Moving forward is the mantra of Paul Dupuis, CEO of staffing and HR solutions firm Randstad India. And he believes in 'doing well' and 'doing good'. This simple motto has helped him shape a new world for himself and the people around him. After living in some of the most vibrant countries, the Canadian professional is now in India, not only 'helping people find job' but also leading his organisation in taking up social responsibilities which other Chief Executive Officers (CEO) would normally dismiss as mere adventurism. It's during one of those adventures that Outlook caught up with the life-long ice hockey fanatic and the CEO of Randstad India in Leh, then in Delhi and talked about a myriad of things. Dupuis, who turned 52 on February 11, has been visiting Ladakh for some years, trying to connect with his first love, ice. Here are excerpts...
“Helping somebody find a job is one of the best things you can do for somebody”
It's important that we understand Corporate Social Responsibility. CSR has been a buzzword for a long time now, for many years. Some companies get it right, and frankly, some companies don't. The moment I can say a company is not getting it right is when they put CSR under marketing, as part of marketing. Then it's not CSR. It's marketing. The purpose is different. At Randstad, CSR is standalone. It's not about marketing. Our business is about living our values. And as a staffing and recruiting company, one of the largest one in the world, we are number one, we have very strong core values, and we have principles, and the one is 'Human Forward'. It’s about helping people forward, and how can you do it? How can you find a job? Helping somebody find a job is one of the best things you can do for somebody.

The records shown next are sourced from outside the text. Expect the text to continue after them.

lemma linf_layer_apply_diff_le:
  assumes msg: "linf_lipschitz K\<^sub>1 (2 * p) (fnn_eval (gl_msg L))" "0 \<le> K\<^sub>1"
    and comb: "linf_lipschitz K\<^sub>2 (p + gl_r L) (fnn_eval (gl_comb L))" "0 \<le> K\<^sub>2"
    and V: "finite V" "v \<in> V" and signals: "signal V p x" "signal V p x'"
  shows "linf (vsub (layer_apply L V E x v) (layer_apply L V E x' v))
           \<le> K\<^sub>2 * max 1 K\<^sub>1 * sig_dist (cnbrs V E v) x x' * max (deg V E v) 1"
proof -
  define d where "d = sig_dist (cnbrs V E v) x x'"
  define m where "m = real (max (deg V E v) 1)"
  have "0 \<le> d" "1 \<le> m"
    unfolding d_def m_def using sig_dist_nonneg[OF finite_cnbrs[OF V(1)]] by auto
  have "linf (vsub (x v) (x' v)) \<le> d"
    unfolding d_def using linf_le_sig_dist[OF finite_cnbrs[OF V(1)]] by (simp add: cnbrs_def)
  also have "d \<le> m * max 1 K\<^sub>1 * d"
    using \<open>0 \<le> d\<close> \<open>1 \<le> m\<close> mult_right_mono[of 1 "m * max 1 K\<^sub>1" d] mult_mono[of 1 m 1 "max 1 K\<^sub>1"]
    by simp
  finally have self: "linf (vsub (x v) (x' v)) \<le> m * max 1 K\<^sub>1 * d" .
  have "linf (vsub (layer_agg L V E x v) (layer_agg L V E x' v)) \<le> m * (K\<^sub>1 * d)"
    unfolding d_def m_def using linf_layer_agg_diff_le[OF msg V signals] .
  also have "\<dots> \<le> m * max 1 K\<^sub>1 * d"
    using \<open>0 \<le> d\<close> \<open>1 \<le> m\<close> by (simp add: mult.assoc mult_left_mono mult_right_mono)
  finally have "linf (vsub (x v @ layer_agg L V E x v) (x' v @ layer_agg L V E x' v)) \<le> m * max 1 K\<^sub>1 * d"
    using self linf_vsub_append_le[of "x v" "x' v" "layer_agg L V E x v" "layer_agg L V E x' v"]
      signal_length[OF signals(1) V(2)] signal_length[OF signals(2) V(2)]
    by (simp add: length_layer_agg)
  moreover have "linf (vsub (layer_apply L V E x v) (layer_apply L V E x' v))
      \<le> K\<^sub>2 * linf (vsub (x v @ layer_agg L V E x v) (x' v @ layer_agg L V E x' v))"
    unfolding layer_apply_eq_layer_agg
    using signal_length[OF signals(1) V(2)] signal_length[OF signals(2) V(2)]
    by (intro linf_lipschitzD[OF comb(1)]) (simp_all add: length_layer_agg)
  ultimately have "linf (vsub (layer_apply L V E x v) (layer_apply L V E x' v)) \<le> K\<^sub>2 * (m * max 1 K\<^sub>1 * d)"
    using comb(2) by (meson mult_left_mono order_trans)
  then show ?thesis
    unfolding d_def m_def by (simp add: algebra_simps)
qed

theorem lemma4p3:
  fixes p :: nat and L :: gnn_layer
  assumes "gnn_layer_wf p L"
  shows "\<exists>lam::nat. lam > 0 \<and>
    (\<forall>(V :: nat set) E x x' v.
       graph V E \<and> signal V p x \<and> signal V p x' \<and> v \<in> V \<longrightarrow>
         linf (vsub (layer_apply L V E x v) (layer_apply L V E x' v))
           \<le> real lam * sig_dist (cnbrs V E v) x x' * real (max (deg V E v) 1) \<and>
         real lam * sig_dist (cnbrs V E v) x x' * real (max (deg V E v) 1)
           \<le> real lam * sig_dist V x x' * real (card V))"
proof -
  obtain K\<^sub>1 where msg: "linf_lipschitz K\<^sub>1 (2 * p) (fnn_eval (gl_msg L))" "0 \<le> K\<^sub>1"
    using assms fnn_eval_lipschitz unfolding gnn_layer_wf_def by force
  obtain K\<^sub>2 where comb: "linf_lipschitz K\<^sub>2 (p + gl_r L) (fnn_eval (gl_comb L))" "0 \<le> K\<^sub>2"
    using assms fnn_eval_lipschitz unfolding gnn_layer_wf_def by force
  define lam where "lam = nat \<lceil>K\<^sub>2 * max 1 K\<^sub>1\<rceil> + 1"
  have "K\<^sub>2 * max 1 K\<^sub>1 \<le> real lam"
    unfolding lam_def by linarith
  show ?thesis
  proof (intro exI[of _ lam] conjI allI impI)
    fix V :: "nat set" and E x x' v
    assume "graph V E \<and> signal V p x \<and> signal V p x' \<and> v \<in> V"
    then have V: "finite V" "v \<in> V" and signals: "signal V p x" "signal V p x'"
      unfolding graph_def by auto
    have "cnbrs V E v \<subseteq> V"
      using V(2) unfolding cnbrs_def nbrs_def by auto
    then have d: "0 \<le> sig_dist (cnbrs V E v) x x'" "sig_dist (cnbrs V E v) x x' \<le> sig_dist V x x'"
      using sig_dist_nonneg[OF finite_cnbrs[OF V(1)]] sig_dist_mono[OF V(1)] by auto
    have "linf (vsub (layer_apply L V E x v) (layer_apply L V E x' v))
           \<le> K\<^sub>2 * max 1 K\<^sub>1 * sig_dist (cnbrs V E v) x x' * max (deg V E v) 1"
      using linf_layer_apply_diff_le[OF msg comb V signals] .
    also have "\<dots> \<le> real lam * sig_dist (cnbrs V E v) x x' * max (deg V E v) 1"
      using \<open>K\<^sub>2 * max 1 K\<^sub>1 \<le> real lam\<close> d(1) by (intro mult_right_mono) auto
    finally show "linf (vsub (layer_apply L V E x v) (layer_apply L V E x' v))
           \<le> real lam * sig_dist (cnbrs V E v) x x' * real (max (deg V E v) 1)" .
    show "real lam * sig_dist (cnbrs V E v) x x' * real (max (deg V E v) 1)
           \<le> real lam * sig_dist V x x' * real (card V)"
      using d max_deg_1_le_card[OF V, of E] by (intro mult_mono mult_left_mono) auto
  qed (simp add: lam_def)
qed

end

“It's amazing what sports can do”
In Ladakh, there's very little economy and very little to do in the winter. So hockey actually gives a purpose, and with purpose comes self-esteem, hope, and friendship and help build community. It's amazing what sports can do. Then, I thought, how we can help this out. Of course, climate change is another part. It's reality, without ice we can't play ice hockey. I got very motivated to help people in Ladakh get on the ice. How do you do that? You got to get them equipment. I can't do anything with the ice, because someone's [Nature] deciding this for us. But the equipment, that's what it got me very excited. So I made a call to action, called a lot of my friends, ice hockey players, again the community – in Japan, Canada, Singapore and the US. They started to gather equipment, starting with skates. They carried them to India, to Ladakh with Randstad covering the cost of all that. And I am very sure we can mitigate climate change.
Adopting ice rink
That's one of our CSR commitments, one of our best. Then, we did something very special, we took all that equipment, more than 500 kgs of equipment -- mainly skates which are treasures -- and donated to different associations, including Ladakh Winter Sports Club, Ladakh Women's Ice Hockey Foundation and Chuchot Rink in Chuchok village, which I kind of adopted. It’s a fantastic idea to get girls on the ice.

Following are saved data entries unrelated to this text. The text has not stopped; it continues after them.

(* Let $c>0$. For $T>0$, $t\in[0,T]$ and a function $g$ on $\mathbb{R}^2$ define \[ \|\hat g\|_{t}:=\left\|\frac{(1+|\xi|)^3\hat g(\xi)}{e^{-c|\xi|t}+e^{-c|\xi|(T-t)}}\right\|_{L^\infty(\mathbb{R}^2_\xi)}. \] There exists $K>0$ such that for every $T>0$, every $t\in[0,T]$, and all functions $f,g$ with $\|\hat f\|_t,\|\hat g\|_t<+\infty$, \[ \|\widehat{fg}\|_t\leqslant K\|\hat f\|_t\|\hat g\|_t. \]
   Context: $\hat g$ is the Fourier transform on $\mathbb{R}^2$ with Fourier variable $\xi$, normalized so that $\widehat{fg}=\hat f*\hat g$ (convolution in $\xi$). *)

theory Defs
  imports "HOL-Analysis.Analysis" "HOL-Probability.Essential_Supremum"
begin

text \<open>Weighted Fourier-side norm: the L-infinity (essential supremum w.r.t. Lebesgue
measure) norm of (1+|xi|)^3 F(xi) / (exp(-c|xi|t) + exp(-c|xi|(T-t))), where F plays
the role of the Fourier transform of a function on R^2.\<close>
definition wnorm :: "real \<Rightarrow> real \<Rightarrow> real \<Rightarrow> (real^2 \<Rightarrow> complex) \<Rightarrow> ereal" where
  "wnorm c T t F = esssup lborel (\<lambda>\<xi>. ereal ((1 + norm \<xi>) ^ 3 * cmod (F \<xi>)
      / (exp (- c * norm \<xi> * t) + exp (- c * norm \<xi> * (T - t)))))"

text \<open>Convolution in the Fourier variable; by the normalization of the Fourier transform,
the transform of a product f g is the convolution of the transforms.\<close>
definition fconv :: "(real^2 \<Rightarrow> complex) \<Rightarrow> (real^2 \<Rightarrow> complex) \<Rightarrow> real^2 \<Rightarrow> complex" where
  "fconv F G = (\<lambda>\<xi>. LINT \<eta>|lborel. F (\<xi> - \<eta>) * G \<eta>)"

end

theory Submission
  imports Defs
begin

(* Write w for the exponential weight and q(xi) = (1 + |xi|)^3, so that a finite norm a means
   |F| <= a w / q almost everywhere. The weight is
   submultiplicative up to a factor 4: for r, u in {t, T - t} the triangle inequality gives
   exp(-c|x|r) exp(-c|y|u) <= exp(-c|x+y| min(r,u)), and min(r,u) is again t or T - t.
   The polynomial weight satisfies q(x+y) <= 8 (q x + q y), i.e.
   1/(q x q y) <= 8/q(x+y) (1/q x + 1/q y). Hence
   |F(xi - eta) G(eta)| <= 32 a b w(xi)/q(xi) (1/q(xi - eta) + 1/q(eta)), and integrating in eta
   gives the bound with K = 64 * integral of 1/q, which is finite since 3 > 2 = dim R^2. *)

lemma succ_power_diff_le:
  fixes k :: real
  assumes "0 \<le> k"
  shows "(k + 1) ^ n - k ^ n \<le> real n * (k + 1) ^ (n - 1)"
proof -
  have term_le: "k ^ (n - Suc i) * (k + 1) ^ i \<le> (k + 1) ^ (n - 1)" if "i < n" for i
  proof -
    have "k ^ (n - Suc i) * (k + 1) ^ i \<le> (k + 1) ^ (n - Suc i) * (k + 1) ^ i"
      using assms by (intro mult_right_mono power_mono) auto
    also have "\<dots> = (k + 1) ^ (n - 1)"
      using that by (simp add: power_add[symmetric])
    finally show ?thesis .
  qed
  have "(k + 1) ^ n - k ^ n = (\<Sum>i<n. k ^ (n - Suc i) * (k + 1) ^ i)"
    by (simp add: power_diff_sumr2)
  also have "\<dots> \<le> (\<Sum>i<n. (k + 1) ^ (n - 1))"
    by (intro sum_mono term_le) simp
  finally show ?thesis by simp
qed

lemma integrable_inverse_one_plus_norm_power:
  "integrable lborel (\<lambda>x::'a::euclidean_space. 1 / (1 + norm x) ^ (DIM('a) + 1))"
proof -
  define n where "n = DIM('a)"
  define V where "V = unit_ball_vol (real n)"
  have "V \<ge> 0" unfolding V_def by simp
  define A where "A k = cball (0::'a) (real k + 1) - ball 0 (real k)" for k :: nat
  have A_sets [measurable]: "A k \<in> sets lborel" for k
    unfolding A_def by auto
  have emeasure_A: "emeasure lborel (A k) \<le> ennreal (V * n * (real k + 1) ^ (n - 1))" for k
  proof -
    have "emeasure lborel (A k)
        = emeasure lborel (cball (0::'a) (real k + 1)) - emeasure lborel (ball (0::'a) (real k))"
      unfolding A_def using emeasure_lborel_ball_finite[of "0::'a" "real k"]
      by (intro emeasure_Diff) auto
    also have "\<dots> = ennreal (V * ((real k + 1) ^ n - real k ^ n))"
      using \<open>V \<ge> 0\<close> by (simp add: emeasure_cball emeasure_ball V_def n_def ennreal_minus
          right_diff_distrib power_mono)
    also have "\<dots> \<le> ennreal (V * n * (real k + 1) ^ (n - 1))"
      using \<open>V \<ge> 0\<close> succ_power_diff_le[of "real k" n]
      by (intro ennreal_leI) (auto simp: mult.assoc intro: mult_left_mono)
    finally show ?thesis .
  qed
  have pointwise: "ennreal (1 / (1 + norm x) ^ (n + 1))
      \<le> (\<Sum>k. ennreal (1 / (real k + 1) ^ (n + 1)) * indicator (A k) x)" for x :: 'a
  proof -
    define k where "k = nat \<lfloor>norm x\<rfloor>"
    have k: "real k \<le> norm x" "norm x \<le> real k + 1"
      unfolding k_def by (simp_all add: of_nat_floor)
    then have "x \<in> A k" unfolding A_def by auto
    moreover have "(real k + 1) ^ (n + 1) \<le> (1 + norm x) ^ (n + 1)"
      using k by (intro power_mono) auto
    ultimately have "ennreal (1 / (1 + norm x) ^ (n + 1))
        \<le> ennreal (1 / (real k + 1) ^ (n + 1)) * indicator (A k) x"
      by (auto intro!: ennreal_leI divide_left_mono simp: add_pos_nonneg)
    also have "\<dots> \<le> (\<Sum>j. ennreal (1 / (real j + 1) ^ (n + 1)) * indicator (A j) x)"
      (is "?a \<le> suminf ?f")
    proof -
      have "?a = sum ?f {k}"
        by (simp only: sum.insert sum.empty finite.emptyI empty_iff add_0_right not_False_eq_True)
      also have "\<dots> \<le> suminf ?f"
        by (rule sum_le_suminf[OF summableI]) auto
      finally show ?thesis .
    qed
    finally show ?thesis .
  qed
  have shell_bound: "ennreal (1 / (real k + 1) ^ (n + 1)) * emeasure lborel (A k)
      \<le> ennreal (V * n / (real k + 1) ^ 2)" for k
  proof -
    have "n \<ge> 1" unfolding n_def by (simp add: Suc_leI)
    have power_split: "(real k + 1) ^ (n + 1) = (real k + 1) ^ (n - 1) * (real k + 1) ^ 2"
      using \<open>n \<ge> 1\<close> by (simp add: power_add[symmetric])
    have "ennreal (1 / (real k + 1) ^ (n + 1)) * emeasure lborel (A k)
        \<le> ennreal (1 / (real k + 1) ^ (n + 1)) * ennreal (V * n * (real k + 1) ^ (n - 1))"
      by (intro mult_left_mono emeasure_A) simp
    also have "\<dots> = ennreal (V * n / (real k + 1) ^ 2)"
      using \<open>V \<ge> 0\<close> power_split by (simp add: ennreal_mult'[symmetric])
    finally show ?thesis .
  qed
  have "summable (\<lambda>k. V * n / (real k + 1) ^ 2)"
  proof -
    have "summable (\<lambda>k. inverse (real (Suc k) ^ 2))"
      using inverse_power_summable[of 2, where 'a=real] by (subst summable_Suc_iff) simp
    from summable_mult[OF this, of "V * n"] show ?thesis
      by (simp add: divide_inverse add.commute)
  qed
  have "(\<integral>\<^sup>+x. ennreal (1 / (1 + norm x) ^ (n + 1)) \<partial>(lborel :: 'a measure))
      \<le> (\<integral>\<^sup>+x. (\<Sum>k. ennreal (1 / (real k + 1) ^ (n + 1)) * indicator (A k) x) \<partial>lborel)"
    by (intro nn_integral_mono pointwise)
  also have "\<dots> = (\<Sum>k. \<integral>\<^sup>+x. ennreal (1 / (real k + 1) ^ (n + 1)) * indicator (A k) x \<partial>lborel)"
    by (rule nn_integral_suminf) measurable
  also have "\<dots> = (\<Sum>k. ennreal (1 / (real k + 1) ^ (n + 1)) * emeasure lborel (A k))"
    by (simp only: nn_integral_cmult_indicator[OF A_sets])
  also have "\<dots> \<le> (\<Sum>k. ennreal (V * n / (real k + 1) ^ 2))"
    by (intro suminf_le summableI shell_bound)
  also have "\<dots> < \<infinity>"
    using \<open>summable (\<lambda>k. V * n / (real k + 1) ^ 2)\<close> \<open>V \<ge> 0\<close>
    by (simp add: ennreal_suminf_neq_top top.not_eq_extremum)
  finally show ?thesis
    unfolding n_def by (intro integrableI_nonneg) auto
qed

lemma one_plus_norm_add_power_le:
  fixes x y :: "'a::real_normed_vector"
  shows "(1 + norm (x + y)) ^ n \<le> 2 ^ n * ((1 + norm x) ^ n + (1 + norm y) ^ n)"
proof -
  define m where "m = max (1 + norm x) (1 + norm y)"
  have "1 + norm (x + y) \<le> 2 * m"
    unfolding m_def using norm_triangle_ineq[of x y] by (auto simp: max_def)
  then have "(1 + norm (x + y)) ^ n \<le> (2 * m) ^ n"
    by (intro power_mono) auto
  also have "\<dots> = 2 ^ n * m ^ n"
    by (simp add: power_mult_distrib)
  also have "m ^ n \<le> (1 + norm x) ^ n + (1 + norm y) ^ n"
    unfolding m_def by (cases "norm x \<le> norm y") (auto simp: max_def)
  finally show ?thesis by simp
qed

definition decay_weight :: "real \<Rightarrow> real \<Rightarrow> real \<Rightarrow> 'a::real_normed_vector \<Rightarrow> real" where
  "decay_weight c T t \<xi> = exp (- c * norm \<xi> * t) + exp (- c * norm \<xi> * (T - t))"

lemma decay_weight_pos: "0 < decay_weight c T t \<xi>"
  unfolding decay_weight_def by (intro add_pos_pos) auto

lemma borel_measurable_decay_weight [measurable]:
  "decay_weight c T t \<in> borel_measurable borel"
  unfolding decay_weight_def by measurable

lemma decay_weight_mult_le:
  fixes x y :: "'a::real_normed_vector"
  assumes "0 \<le> c" "0 \<le> t" "t \<le> T"
  shows "decay_weight c T t x * decay_weight c T t y \<le> 4 * decay_weight c T t (x + y)"
proof -
  have term_le: "exp (- c * norm x * r) * exp (- c * norm y * u) \<le> decay_weight c T t (x + y)"
    if "r \<in> {t, T - t}" "u \<in> {t, T - t}" for r u
  proof -
    have "norm (x + y) * min r u \<le> (norm x + norm y) * min r u"
      using that assms by (intro mult_right_mono norm_triangle_ineq) auto
    also have "\<dots> \<le> norm x * r + norm y * u"
      by (simp add: distrib_right add_mono mult_left_mono)
    finally have "c * (norm (x + y) * min r u) \<le> c * (norm x * r + norm y * u)"
      using assms by (intro mult_left_mono) auto
    then have "exp (- c * norm x * r) * exp (- c * norm y * u) \<le> exp (- c * norm (x + y) * min r u)"
      by (simp add: exp_add[symmetric] algebra_simps)
    also have "\<dots> \<le> decay_weight c T t (x + y)"
      using that unfolding decay_weight_def
      by (cases "r \<le> u") (auto simp: min_def add_increasing add_increasing2)
    finally show ?thesis .
  qed
  show ?thesis
    using term_le[of t t] term_le[of t "T - t"] term_le[of "T - t" t] term_le[of "T - t" "T - t"]
    unfolding decay_weight_def[of c T t x] decay_weight_def[of c T t y]
    by (simp add: algebra_simps)
qed

lemma weighted_product_le:
  fixes x y :: "'a::real_normed_vector" and u v :: "'b::real_normed_div_algebra"
  assumes "0 \<le> c" "0 \<le> t" "t \<le> T" "0 \<le> a" "0 \<le> b"
    and "norm u \<le> a * decay_weight c T t x / (1 + norm x) ^ 3"
    and "norm v \<le> b * decay_weight c T t y / (1 + norm y) ^ 3"
  shows "norm (u * v) \<le> 32 * a * b * decay_weight c T t (x + y) / (1 + norm (x + y)) ^ 3
           * (1 / (1 + norm x) ^ 3 + 1 / (1 + norm y) ^ 3)"
proof -
  let ?w = "decay_weight c T t" and ?q = "\<lambda>z::'a. (1 + norm z) ^ 3"
  have q_pos: "0 < ?q z" for z by (simp add: add_pos_nonneg)
  have "norm (u * v) \<le> (a * ?w x / ?q x) * (b * ?w y / ?q y)"
    unfolding norm_mult using assms decay_weight_pos[of c T t x] q_pos[of x]
    by (intro mult_mono) auto
  also have "\<dots> = a * b * (?w x * ?w y) / (?q x * ?q y)"
    by simp
  also have "\<dots> \<le> a * b * (4 * ?w (x + y)) / (?q x * ?q y)"
    using assms q_pos[of x] q_pos[of y]
    by (intro divide_right_mono mult_left_mono decay_weight_mult_le) auto
  also have "\<dots> = a * b * (4 * ?w (x + y)) * (1 / (?q x * ?q y))"
    by simp
  also have "\<dots> \<le> a * b * (4 * ?w (x + y)) * (8 * (?q x + ?q y) / (?q (x + y) * ?q x * ?q y))"
  proof (rule mult_left_mono)
    have "?q (x + y) \<le> 8 * (?q x + ?q y)"
      using one_plus_norm_add_power_le[of x y 3] by simp
    then show "1 / (?q x * ?q y) \<le> 8 * (?q x + ?q y) / (?q (x + y) * ?q x * ?q y)"
      using q_pos[of x] q_pos[of y] q_pos[of "x + y"] by (simp add: divide_simps)
    show "0 \<le> a * b * (4 * ?w (x + y))"
      using assms decay_weight_pos[of c T t "x + y"] by simp
  qed
  also have "\<dots> = 32 * a * b * ?w (x + y) / ?q (x + y) * (1 / ?q x + 1 / ?q y)"
    using q_pos[of x] q_pos[of y] q_pos[of "x + y"] by (simp add: field_simps)
  finally show ?thesis .
qed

'It's a sad situation in Ladakh'
I am not a scientist, I am not an expert. But, let me tell you what I saw as a hockey player. There are key ingredients you need for a sport. If you want to play cricket, you need a ground. And the ground is there, and then you need a bat and ball. Cricket is there in some easier sort of situation. But for hockey, you absolutely must have ice. There's no hockey without ice. What I have seen it in the few years I have been there, winters are getting shorter in Ladakh, which means the availability of ice to play the game is limited. It used to be four months, then three and now, it's just over two months of ice. Which is really a problem and it's a sad situation. People have the passion for the game. We are giving them equipment, we are giving them the know-how, coaching, etc. But then, the ice is disappearing. That's something we need everyone to help in. And I believe one individual can actually make a difference. Because, when one individual starts moving, another starts moving, then we have a movement. And it can be big.
On sustainable development
Anything that we can do to reduce our impact on the environment is a good thing. But the people of Ladakh are feeling it directly. See the girls from the national team, they told me that the winters are getting shorter. So they can only play less and less and there is no indoor rink. I am a big believer that doing something once is okay, but continuity, scalability and sustainability is the key. So, actually, when we finished The Last Game, the very next morning, I sat down with some of the locals and leaders. I met the lieutenant governor of the Union Territory, and we discussed how we can promote Ladakh as a destination, and thinking about eco-tourism for example. Hockey is universal. Imagine if we make Ladakh a very special destination for hockey and eco-tourism. We have people who have interests in sports, as well as impacting the environment in a positive way... so it could be both playing and learning.